The aim of the current study was to differentiate activation within the rPFC using functional near infrared spectroscopy (fNIRS) during the viewing of visual art selected to induce positive and negative mood. Both categories of image were viewed under two conditions (emotional introspection and external object identification) designed to draw attention to stimulus-independent and stimulus-dependent features respectively. Images were viewed for 60 s overall and split into three viewing periods (early, middle and late) for the analysis. The extended viewing time was chosen because temporal differences have been observed during activation of the PFC during emotional experiences measured by fNIRS, where an overshoot of activation into later periods was reported (León-Carrion et al., 2008), and during the experience of art (Munar et al., 2011). Our primary hypothesis was that emotional introspection would activate lateral areas of the rPFC whereas viewing the image with an emphasis on external object identification would selectively activate the medial rPFC. Our alternative hypothesis was that emotional introspection would activate the medial rPFC as predicted by the studies conducted by Seitz et al. (2009) and Vessel et al. (2012).

Methods

The Survey

Standardized visual materials, such as the International Affective Picture System (IAPS; Lang et al., 1993) are often used to provoke emotional experience under controlled conditions. The purpose of the survey exercise was to create a database of esthetic images with known psychological properties for experimental purposes. Sixty-three paintings including both representational and abstract images were selected from online sources; all artists had sold or exhibited their work and agreed to allow their work to be used in the survey exercise. Participants were asked to rate each image on six components represented by 9-point Likert scales. Three components represented cognitive components, these scales were labeled: complexity (how complex was this image?), comprehension (do you understand this image?) and novelty (how novel or unusual was the image?). The remaining three components represented emotional factors including: valence (is the image positive or negative?), activation (do you find the image stimulating) and attractiveness (do you find the image attractive or repellent?). The cognitive components were derived from Silvia’s (2008) analysis of interest whilst emotional components were based upon the Self-Assessment Mannikin (Lang et al., 1993).

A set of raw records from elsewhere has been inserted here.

lemma spacing_le_mills_integral:
  fixes F f :: "real \<Rightarrow> real"
  assumes deriv: "\<And>x. x \<in> {y..z} \<Longrightarrow> (F has_real_derivative f x) (at x)"
    and F_pos: "\<And>x. x \<in> {y..z} \<Longrightarrow> 0 < F x" and f_pos: "\<And>x. x \<in> {y..z} \<Longrightarrow> 0 < f x"
    and "continuous_on {y..z} f" and "y \<le> z" and "0 < d"
  shows "z - y \<le> integral {y..z} (\<lambda>u. F u / f u) / d + d * ln (F z / F y)"
proof -
  have "continuous_on {y..z} F"
    using deriv DERIV_isCont by (intro continuous_at_imp_continuous_on) blast
  then have "continuous_on {y..z} (\<lambda>u. F u / f u)"
    using \<open>continuous_on {y..z} f\<close> f_pos by (intro continuous_intros) force+
  define \<psi> where "\<psi> x = integral {y..x} (\<lambda>u. F u / f u) / d + d * ln (F x) - x" for x
  have D: "(\<psi> has_real_derivative (F x / f x) / d + d * (f x / F x) - 1) (at x within {y..z})"
    if "x \<in> {y..z}" for x
    unfolding \<psi>_def using F_pos[OF that] that \<open>0 < d\<close>
    by (auto intro!: derivative_eq_intros integral_has_real_derivative
        \<open>continuous_on {y..z} (\<lambda>u. F u / f u)\<close> has_field_derivative_at_within[OF deriv])
  have "\<psi> y \<le> \<psi> z"
  proof (rule DERIV_nonneg_imp_increasing_open[OF \<open>y \<le> z\<close>])
    fix x assume x: "y < x" "x < z"
    have "0 < F x / (d * f x)" using F_pos[of x] f_pos[of x] x \<open>0 < d\<close> by simp
    from plus_inverse_ge_2[OF this]
    have "0 \<le> (F x / f x) / d + d * (f x / F x) - 1" by (simp add: field_simps)
    moreover have "(\<psi> has_real_derivative (F x / f x) / d + d * (f x / F x) - 1) (at x)"
      using D[of x] x by (simp add: at_within_Icc_at)
    ultimately show "\<exists>D. (\<psi> has_real_derivative D) (at x) \<and> 0 \<le> D" by blast
  qed (rule DERIV_continuous_on[OF D])
  then show ?thesis
    using F_pos[of y] F_pos[of z] \<open>y \<le> z\<close> by (simp add: \<psi>_def ln_div algebra_simps)
qed

lemma nn_integral_mills_ratio_le:
  fixes F f :: "real \<Rightarrow> real"
  assumes cont: "continuous_on UNIV F" "continuous_on UNIV f"
    and F_le: "\<And>x. x \<in> {y..z} \<Longrightarrow> 0 \<le> F x \<and> F x \<le> 1/2" and f_pos: "\<And>x. x \<in> {y..z} \<Longrightarrow> 0 < f x"
  shows "ennreal (integral {y..z} (\<lambda>u. F u / f u))
    \<le> 2 * (\<integral>\<^sup>+x \<in> {y..z}. ennreal (F x * (1 - F x) / f x) \<partial>lborel)"
proof -
  have [measurable]: "F \<in> borel_measurable borel" "f \<in> borel_measurable borel"
    using cont by (simp_all add: borel_measurable_continuous_onI)
  have "((\<lambda>u. F u / f u) has_integral integral {y..z} (\<lambda>u. F u / f u)) {y..z}"
    using cont f_pos
    by (intro integrable_integral integrable_continuous_real continuous_intros)
       (force intro: continuous_on_subset)+
  moreover have "0 \<le> F x / f x" if "x \<in> {y..z}" for x
    using F_le[OF that] f_pos[OF that] by simp
  ultimately have "ennreal (integral {y..z} (\<lambda>u. F u / f u)) = (\<integral>\<^sup>+x \<in> {y..z}. ennreal (F x / f x) \<partial>lborel)"
    by (intro nn_integral_has_integral_lebesgue'[symmetric])
  also have "\<dots> \<le> (\<integral>\<^sup>+x. 2 * (ennreal (F x * (1 - F x) / f x) * indicator {y..z} x) \<partial>lborel)"
  proof (intro nn_integral_mono)
    fix x
    show "ennreal (F x / f x) * indicator {y..z} x \<le> 2 * (ennreal (F x * (1 - F x) / f x) * indicator {y..z} x)"
    proof (cases "x \<in> {y..z}")
      case True
      have "F x \<le> 2 * (F x * (1 - F x))"
        using mult_left_le[of "2 * F x" "F x"] F_le[OF True] by (simp add: algebra_simps)
      then have "F x / f x \<le> 2 * (F x * (1 - F x) / f x)"
        using f_pos[OF True] by (simp add: divide_right_mono)
      then have "ennreal (F x / f x) \<le> ennreal (2 * (F x * (1 - F x) / f x))" by (rule ennreal_leI)
      also have "\<dots> = 2 * ennreal (F x * (1 - F x) / f x)"
        using F_le[OF True] f_pos[OF True] by (subst ennreal_mult'') auto
      finally show ?thesis using True by simp
    qed simp
  qed
  also have "\<dots> = 2 * (\<integral>\<^sup>+x \<in> {y..z}. ennreal (F x * (1 - F x) / f x) \<partial>lborel)"
    by (rule nn_integral_cmult) measurable
  finally show ?thesis .
qed

lemma thin_lower_tail_if_integrable:
  fixes F f :: "real \<Rightarrow> real"
  assumes deriv: "\<And>x. (F has_real_derivative f x) (at x)" and "mono F"
    and f_cont: "continuous_on UNIV f" and f_pos: "\<And>x. 0 < F x \<Longrightarrow> F x < 1 \<Longrightarrow> 0 < f x"
    and fin: "(\<integral>\<^sup>+x \<in> {x. 0 < F x \<and> F x < 1}. ennreal (F x * (1 - F x) / f x) \<partial>lborel) < \<infinity>"
  shows "thin_lower_tail F"
  unfolding thin_lower_tail_def
proof (intro allI impI)
  fix d :: real assume "0 < d"
  have F_cont: "continuous_on UNIV F"
    using deriv DERIV_isCont by (intro continuous_at_imp_continuous_on) blast
  have [measurable]: "F \<in> borel_measurable borel" "f \<in> borel_measurable borel"
    using F_cont f_cont by (simp_all add: borel_measurable_continuous_onI)
  obtain t where t: "0 < t" "t \<le> 1/2"
    and small: "(\<integral>\<^sup>+x \<in> {x. 0 < F x \<and> F x \<le> t}. ennreal (F x * (1 - F x) / f x) \<partial>lborel) < ennreal (d\<^sup>2 / 2)"
    using set_nn_integral_lower_levels_small[OF _ _ fin, of "ennreal (d\<^sup>2 / 2)"] \<open>0 < d\<close> by auto
  show "\<exists>t>0. \<forall>y z. y \<le> z \<longrightarrow> 0 < F y \<longrightarrow> F z \<le> t \<longrightarrow> z - y \<le> d * (1 + ln (F z / F y))"
  proof (intro exI[of _ t] conjI allI impI)
    fix y z assume "y \<le> z" "0 < F y" "F z \<le> t"
    have level: "0 < F x \<and> F x \<le> t" if "x \<in> {y..z}" for x
      using monoD[OF \<open>mono F\<close>, of y x] monoD[OF \<open>mono F\<close>, of x z] that \<open>0 < F y\<close> \<open>F z \<le> t\<close> by auto
    have f_pos': "0 < f x" if "x \<in> {y..z}" for x using f_pos level[OF that] t by simp
    have "ennreal (integral {y..z} (\<lambda>u. F u / f u))
        \<le> 2 * (\<integral>\<^sup>+x \<in> {y..z}. ennreal (F x * (1 - F x) / f x) \<partial>lborel)"
      using level t by (intro nn_integral_mills_ratio_le F_cont f_cont f_pos') fastforce+
    also have "\<dots> \<le> 2 * (\<integral>\<^sup>+x \<in> {x. 0 < F x \<and> F x \<le> t}. ennreal (F x * (1 - F x) / f x) \<partial>lborel)"
      using level by (intro mult_left_mono nn_set_integral_set_mono) auto
    also have "\<dots> < 2 * ennreal (d\<^sup>2 / 2)"
      using small by (intro ennreal_mult_strict_left_mono) auto
    also have "\<dots> = ennreal (d\<^sup>2)"
      by (subst ennreal_numeral[symmetric], subst ennreal_mult[symmetric]) auto
    finally have "integral {y..z} (\<lambda>u. F u / f u) < d\<^sup>2"
      by (cases "0 \<le> integral {y..z} (\<lambda>u. F u / f u)")
         (auto simp: ennreal_less_iff intro: less_le_trans[OF _ zero_le_power2])
    then have "integral {y..z} (\<lambda>u. F u / f u) / d \<le> d"
      using \<open>0 < d\<close> by (simp add: divide_le_eq power2_eq_square)
    then show "z - y \<le> d * (1 + ln (F z / F y))"
      using spacing_le_mills_integral[of y z F f d] deriv level f_pos' f_cont \<open>y \<le> z\<close> \<open>0 < d\<close>
      by (fastforce simp: algebra_simps intro: continuous_on_subset)
  qed (use t in simp)
qed

lemma reflected_cdf_has_real_derivative:
  assumes "\<And>x. (F has_real_derivative f x) (at x)"
  shows "((\<lambda>x. 1 - F (- x)) has_real_derivative f (- x)) (at x)"
  using DERIV_chain2[OF assms DERIV_minus[OF DERIV_ident]] by (auto intro!: derivative_eq_intros)

lemma thin_upper_tail_if_hazard:
  fixes F f :: "real \<Rightarrow> real"
  assumes deriv: "\<And>x. (F has_real_derivative f x) (at x)" and "mono F" and "\<And>x. F x \<le> 1"
    and hazard: "filterlim (\<lambda>x. f x / (1 - F x)) at_top at_top"
  shows "thin_lower_tail (\<lambda>x. 1 - F (- x))"
proof (rule thin_lower_tail_if_hazard)
  show "((\<lambda>x. 1 - F (- x)) has_real_derivative f (- x)) (at x)" for x
    using deriv by (rule reflected_cdf_has_real_derivative)
  show "mono (\<lambda>x. 1 - F (- x))" using \<open>mono F\<close> by (auto simp: mono_def)
  show "0 \<le> 1 - F (- x)" for x using \<open>F (- x) \<le> 1\<close> by simp
  show "filterlim (\<lambda>x. f (- x) / (1 - F (- x))) at_top at_bot"
    using filterlim_compose[OF hazard filterlim_uminus_at_top_at_bot] by (simp add: o_def)
qed

lemma thin_upper_tail_if_integrable:
  fixes F f :: "real \<Rightarrow> real"
  assumes deriv: "\<And>x. (F has_real_derivative f x) (at x)" and "mono F"
    and f_cont: "continuous_on UNIV f" and f_pos: "\<And>x. 0 < F x \<Longrightarrow> F x < 1 \<Longrightarrow> 0 < f x"
    and fin: "(\<integral>\<^sup>+x \<in> {x. 0 < F x \<and> F x < 1}. ennreal (F x * (1 - F x) / f x) \<partial>lborel) < \<infinity>"
  shows "thin_lower_tail (\<lambda>x. 1 - F (- x))"
proof (rule thin_lower_tail_if_integrable[where f = "\<lambda>x. f (- x)"])
  show "((\<lambda>x. 1 - F (- x)) has_real_derivative f (- x)) (at x)" for x
    using deriv by (rule reflected_cdf_has_real_derivative)
  show "mono (\<lambda>x. 1 - F (- x))" using \<open>mono F\<close> by (auto simp: mono_def)
  show "continuous_on UNIV (\<lambda>x. f (- x))"
    by (rule continuous_on_compose2[OF f_cont]) (auto intro: continuous_intros)
  show "0 < f (- x)" if "0 < 1 - F (- x)" "1 - F (- x) < 1" for x
    using f_pos[of "- x"] that by simp
  have F_cont: "continuous_on UNIV F"
    using deriv DERIV_isCont by (intro continuous_at_imp_continuous_on) blast
  define g where "g x = ennreal (F x * (1 - F x) / f x) * indicator {x. 0 < F x \<and> F x < 1} x" for x
  have [measurable]: "F \<in> borel_measurable borel" "f \<in> borel_measurable borel"
    using F_cont f_cont by (simp_all add: borel_measurable_continuous_onI)
  have "g \<in> borel_measurable borel" unfolding g_def by measurable
  from nn_integral_real_affine[OF this, of "-1" 0]
  have "(\<integral>\<^sup>+x. g (- x) \<partial>lborel) = (\<integral>\<^sup>+x. g x \<partial>lborel)" by simp
  then show "(\<integral>\<^sup>+x \<in> {x. 0 < 1 - F (- x) \<and> 1 - F (- x) < 1}.
      ennreal ((1 - F (- x)) * (1 - (1 - F (- x))) / f (- x)) \<partial>lborel) < \<infinity>"
    using fin by (simp add: g_def indicator_def mult.commute conj_commute)
qed

lemma hazard_tendsto_at_bot_at_top:
  fixes F f :: "real \<Rightarrow> real"
  assumes "filterlim (hazard F f) at_top at_infinity"
  shows "filterlim (\<lambda>x. f x / F x) at_top at_bot" and "filterlim (\<lambda>x. f x / (1 - F x)) at_top at_top"
proof -
  have "\<forall>\<^sub>F x in at_bot. hazard F f x = f x / F x"
    unfolding eventually_at_bot_linorder
    by (intro exI[of _ "quantile F (1/2) - 1"]) (auto simp: hazard_def)
  with filterlim_mono[OF assms order_refl at_bot_le_at_infinity]
  show "filterlim (\<lambda>x. f x / F x) at_top at_bot" by (simp add: filterlim_cong)
  have "\<forall>\<^sub>F x in at_top. hazard F f x = f x / (1 - F x)"
    unfolding eventually_at_top_linorder
    by (intro exI[of _ "quantile F (1/2)"]) (auto simp: hazard_def)
  with filterlim_mono[OF assms order_refl at_top_le_at_infinity]
  show "filterlim (\<lambda>x. f x / (1 - F x)) at_top at_top" by (simp add: filterlim_cong)
qed

section \<open>Quantile spacings in a thin lower tail\<close>

lemma thin_lower_tail_growth:
  assumes "thin_lower_tail G" "mono G" "0 < \<delta>" "1 \<le> K"
  obtains t where "0 < t" "\<And>y z. y + \<delta> \<le> z \<Longrightarrow> 0 < G y \<Longrightarrow> G z \<le> t \<Longrightarrow> K * G y \<le> G z"
proof -
  define d where "d = \<delta> / (1 + ln K)"
  have "0 < 1 + ln K" using \<open>1 \<le> K\<close> by (smt (verit) ln_ge_zero)
  then have "0 < d" using \<open>0 < \<delta>\<close> by (simp add: d_def)
  then obtain t where "0 < t"
    and gap: "\<And>y z. y \<le> z \<Longrightarrow> 0 < G y \<Longrightarrow> G z \<le> t \<Longrightarrow> z - y \<le> d * (1 + ln (G z / G y))"
    using thin_lower_tailE[OF \<open>thin_lower_tail G\<close>] by blast
  show thesis
  proof (rule that[OF \<open>0 < t\<close>])
    fix y z assume "y + \<delta> \<le> z" "0 < G y" "G z \<le> t"
    then have "d * (1 + ln K) \<le> d * (1 + ln (G z / G y))"
      using gap[of y z] \<open>0 < \<delta>\<close> \<open>0 < 1 + ln K\<close> by (simp add: d_def)
    then have "ln K \<le> ln (G z / G y)" using \<open>0 < d\<close> by simp
    moreover have "0 < G z / G y"
      using monoD[OF \<open>mono G\<close>, of y z] \<open>y + \<delta> \<le> z\<close> \<open>0 < \<delta>\<close> \<open>0 < G y\<close> by simp
    ultimately have "K \<le> G z / G y" using \<open>1 \<le> K\<close> by simp
    then show "K * G y \<le> G z" using \<open>0 < G y\<close> by (simp add: field_simps)
  qed
qed
text \<open>An SMI instance: disjoint finite sets U (men) and W (women) of agents of type 'a,
  and a preference function pref giving each agent a strict order (a distinct list,
  most preferred first) over a subset of the agents of the opposite gender.\<close>

definition smi_instance :: "'a set \<Rightarrow> 'a set \<Rightarrow> ('a \<Rightarrow> 'a list) \<Rightarrow> bool" where
  "smi_instance U W pref \<longleftrightarrow> finite U \<and> finite W \<and> U \<inter> W = {} \<and>
     (\<forall>m\<in>U. distinct (pref m) \<and> set (pref m) \<subseteq> W) \<and>
     (\<forall>w\<in>W. distinct (pref w) \<and> set (pref w) \<subseteq> U)"

definition mutually_acceptable :: "('a \<Rightarrow> 'a list) \<Rightarrow> 'a \<Rightarrow> 'a \<Rightarrow> bool" where
  "mutually_acceptable pref m w \<longleftrightarrow> w \<in> set (pref m) \<and> m \<in> set (pref w)"

definition prefers :: "('a \<Rightarrow> 'a list) \<Rightarrow> 'a \<Rightarrow> 'a \<Rightarrow> 'a \<Rightarrow> bool" where
  "prefers pref a x y \<longleftrightarrow>
     (\<exists>i j. i < j \<and> j < length (pref a) \<and> pref a ! i = x \<and> pref a ! j = y)"

definition is_matching :: "'a set \<Rightarrow> 'a set \<Rightarrow> ('a \<Rightarrow> 'a list) \<Rightarrow> ('a \<times> 'a) set \<Rightarrow> bool" where
  "is_matching U W pref M \<longleftrightarrow> M \<subseteq> U \<times> W \<and>
     (\<forall>(m, w)\<in>M. mutually_acceptable pref m w) \<and>
     (\<forall>m w w'. (m, w) \<in> M \<and> (m, w') \<in> M \<longrightarrow> w = w') \<and>
     (\<forall>m m' w. (m, w) \<in> M \<and> (m', w) \<in> M \<longrightarrow> m = m')"

definition matched :: "('a \<times> 'a) set \<Rightarrow> 'a \<Rightarrow> bool" where
  "matched M a \<longleftrightarrow> (\<exists>b. (a, b) \<in> M \<or> (b, a) \<in> M)"

definition blocks :: "'a set \<Rightarrow> 'a set \<Rightarrow> ('a \<Rightarrow> 'a list) \<Rightarrow> ('a \<times> 'a) set \<Rightarrow> 'a \<Rightarrow> 'a \<Rightarrow> bool" where
  "blocks U W pref M m w \<longleftrightarrow> m \<in> U \<and> w \<in> W \<and> mutually_acceptable pref m w \<and>
     (\<not> matched M m \<or> (\<exists>w'. (m, w') \<in> M \<and> prefers pref m w w')) \<and>
     (\<not> matched M w \<or> (\<exists>m'. (m', w) \<in> M \<and> prefers pref w m m'))"

definition stable :: "'a set \<Rightarrow> 'a set \<Rightarrow> ('a \<Rightarrow> 'a list) \<Rightarrow> ('a \<times> 'a) set \<Rightarrow> bool" where
  "stable U W pref M \<longleftrightarrow> is_matching U W pref M \<and> (\<nexists>m w. blocks U W pref M m w)"

text \<open>ma(I): agents matched in the stable matchings (by the Rural Hospitals Theorem
  all stable matchings match the same agents, so "some" = "every").\<close>
definition ma :: "'a set \<Rightarrow> 'a set \<Rightarrow> ('a \<Rightarrow> 'a list) \<Rightarrow> 'a set" where
  "ma U W pref = {a. \<exists>M. stable U W pref M \<and> matched M a}"

end

theory Submission
  imports Defs
begin

text \<open>Let \<open>M\<close> be stable before and \<open>M'\<close> stable after the change of the list of \<open>a*\<close>. From a man
  \<open>m\<close> unmatched in \<open>M\<close> but matched in \<open>M'\<close> follow the alternating walk: his \<open>M'\<close>-partner, her
  \<open>M\<close>-partner, his \<open>M'\<close>-partner, and so on. As long as no agent on it is \<open>a*\<close>, stability of
  \<open>M\<close> and \<open>M'\<close> forces every man on the walk to strictly prefer his \<open>M'\<close>-partner to his
  \<open>M\<close>-partner, so the walk continues; it never revisits a man, so by finiteness it must reach
  \<open>a*\<close>. It stops at \<open>a*\<close> or at the \<open>M'\<close>-partner of \<open>a*\<close>, a single man; walking back from
  him is deterministic, so only one newly matched man can start such a walk. Women follow by
  exchanging the sexes. The same walk with nobody changed proves that all stable matchings
  match the same men, and existence of stable matchings comes from deferred acceptance.\<close>

lemma prefers_set: "prefers p a x y \<Longrightarrow> x \<in> set (p a) \<and> y \<in> set (p a)"
  unfolding prefers_def by auto

lemma prefers_irrefl: "distinct (p a) \<Longrightarrow> \<not> prefers p a x x"
  unfolding prefers_def using nth_eq_iff_index_eq by fastforce

lemma prefers_asym: "distinct (p a) \<Longrightarrow> prefers p a x y \<Longrightarrow> \<not> prefers p a y x"
  unfolding prefers_def by (metis less_trans nth_eq_iff_index_eq order_less_asym)

lemma prefers_trans:
  "distinct (p a) \<Longrightarrow> prefers p a x y \<Longrightarrow> prefers p a y z \<Longrightarrow> prefers p a x z"
  unfolding prefers_def by (metis less_trans nth_eq_iff_index_eq)

lemma prefers_total:
  "x \<in> set (p a) \<Longrightarrow> y \<in> set (p a) \<Longrightarrow> x \<noteq> y \<Longrightarrow> prefers p a x y \<or> prefers p a y x"
  unfolding prefers_def in_set_conv_nth by (metis linorder_neqE_nat)

lemma prefers_cong: "p' a = p a \<Longrightarrow> prefers p' a = prefers p a"
  unfolding prefers_def by simp

lemma mutually_acceptable_cong:
  "p' m = p m \<Longrightarrow> p' w = p w \<Longrightarrow> mutually_acceptable p' m w = mutually_acceptable p m w"
  unfolding mutually_acceptable_def by simp

lemma prefers_maximal:
  assumes "distinct (p a)" "b \<in> A" "A \<subseteq> set (p a)"
  shows "\<exists>c\<in>A. \<forall>c'\<in>A. \<not> prefers p a c' c"
proof -
  define Q where "Q i \<longleftrightarrow> i < length (p a) \<and> p a ! i \<in> A" for i
  have "\<exists>i. Q i" using assms(2,3) unfolding Q_def by (metis in_set_conv_nth subsetD)
  then obtain i where Qi: "Q i" and least: "\<And>i'. i' < i \<Longrightarrow> \<not> Q i'"
    using exists_least_iff[of Q] by blast
  have "\<not> prefers p a c' (p a ! i)" if "c' \<in> A" for c'
  proof
    assume "prefers p a c' (p a ! i)"
    then obtain i' j where "i' < j" "j < length (p a)" "p a ! i' = c'" "p a ! j = p a ! i"
      unfolding prefers_def by blast
    moreover from this have "j = i" using Qi assms(1) nth_eq_iff_index_eq unfolding Q_def by metis
    ultimately show False using least that unfolding Q_def by auto
  qed
  then show ?thesis using Qi unfolding Q_def by blast
qed

lemma smi_instance_distinct: "smi_instance U W p \<Longrightarrow> a \<in> U \<union> W \<Longrightarrow> distinct (p a)"
  unfolding smi_instance_def by blast

lemma smi_instance_pref_men: "smi_instance U W p \<Longrightarrow> m \<in> U \<Longrightarrow> set (p m) \<subseteq> W"
  unfolding smi_instance_def by blast

lemma smi_instance_disjoint: "smi_instance U W p \<Longrightarrow> U \<inter> W = {}"
  unfolding smi_instance_def by blast

lemma smi_instance_swap: "smi_instance U W p \<Longrightarrow> smi_instance W U p"
  unfolding smi_instance_def by blast

lemma smi_instance_update:
  assumes "smi_instance U W p" "distinct L" "set L \<subseteq> (if a \<in> U then W else U)"
  shows "smi_instance U W (p(a := L))"
  using assms unfolding smi_instance_def by (auto split: if_splits)

lemma matching_unique_woman: "is_matching U W p M \<Longrightarrow> (m, w) \<in> M \<Longrightarrow> (m, w') \<in> M \<Longrightarrow> w = w'"
  unfolding is_matching_def by blast

lemma matching_unique_man: "is_matching U W p M \<Longrightarrow> (m, w) \<in> M \<Longrightarrow> (m', w) \<in> M \<Longrightarrow> m = m'"
  unfolding is_matching_def by blast

lemma matching_memD:
  "is_matching U W p M \<Longrightarrow> (m, w) \<in> M \<Longrightarrow> m \<in> U \<and> w \<in> W \<and> mutually_acceptable p m w"
  unfolding is_matching_def by blast

lemma stable_is_matching: "stable U W p M \<Longrightarrow> is_matching U W p M"
  unfolding stable_def by blast

lemma is_matching_converse: "is_matching U W p M \<Longrightarrow> is_matching W U p (converse M)"
  unfolding is_matching_def mutually_acceptable_def by blast

lemma matched_converse [simp]: "matched (converse M) a = matched M a"
  unfolding matched_def by auto

lemma blocks_converse: "blocks W U p (converse M) w m = blocks U W p M m w"
  unfolding blocks_def mutually_acceptable_def by auto

lemma stable_converse: "stable U W p M \<Longrightarrow> stable W U p (converse M)"
  unfolding stable_def using is_matching_converse blocks_converse by metis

The survey was made available online and 1043 participants (63% female) with a mean age of 33 years. (s.d. 14.24) provided ratings for the images. The resulting database was used to select images rated as positive/negative valence for the experimental study.

Experimental Study

Participants

Thirty right handed participants (15 female) were recruited from an undergraduate population. Participants had a mean age 22 years. (s.d. = 3.26 years) with no formal training in an art-related subject and no history of neurological disorder. Participants were informed about the procedure and operating mode of the fNIRS prior to providing written consent. All procedures were approved by the University Research Ethics Committee prior to data collection.

Experimental task

The stimuli were projected onto a white wall in front of the participants using E-prime 2.0 (PST Inc.); the image dimensions were 2040 × 786 pixels. The viewing distance to the screen was approx. 1.90 m. Each stimulus was presented for 60 s and preceded by a 60 s baseline consisting of a light grey screen with a fixation *. Following image presentation, participants were asked to provide ratings for valence and complexity on the scales used in the survey; ratings were recorded in e-prime via a keypad. The tasks were designed to induce different demands on attending to external properties of the stimulus (the spot-the-difference (SD) task) and to internal cognitions (the emotional introspection (EI) task).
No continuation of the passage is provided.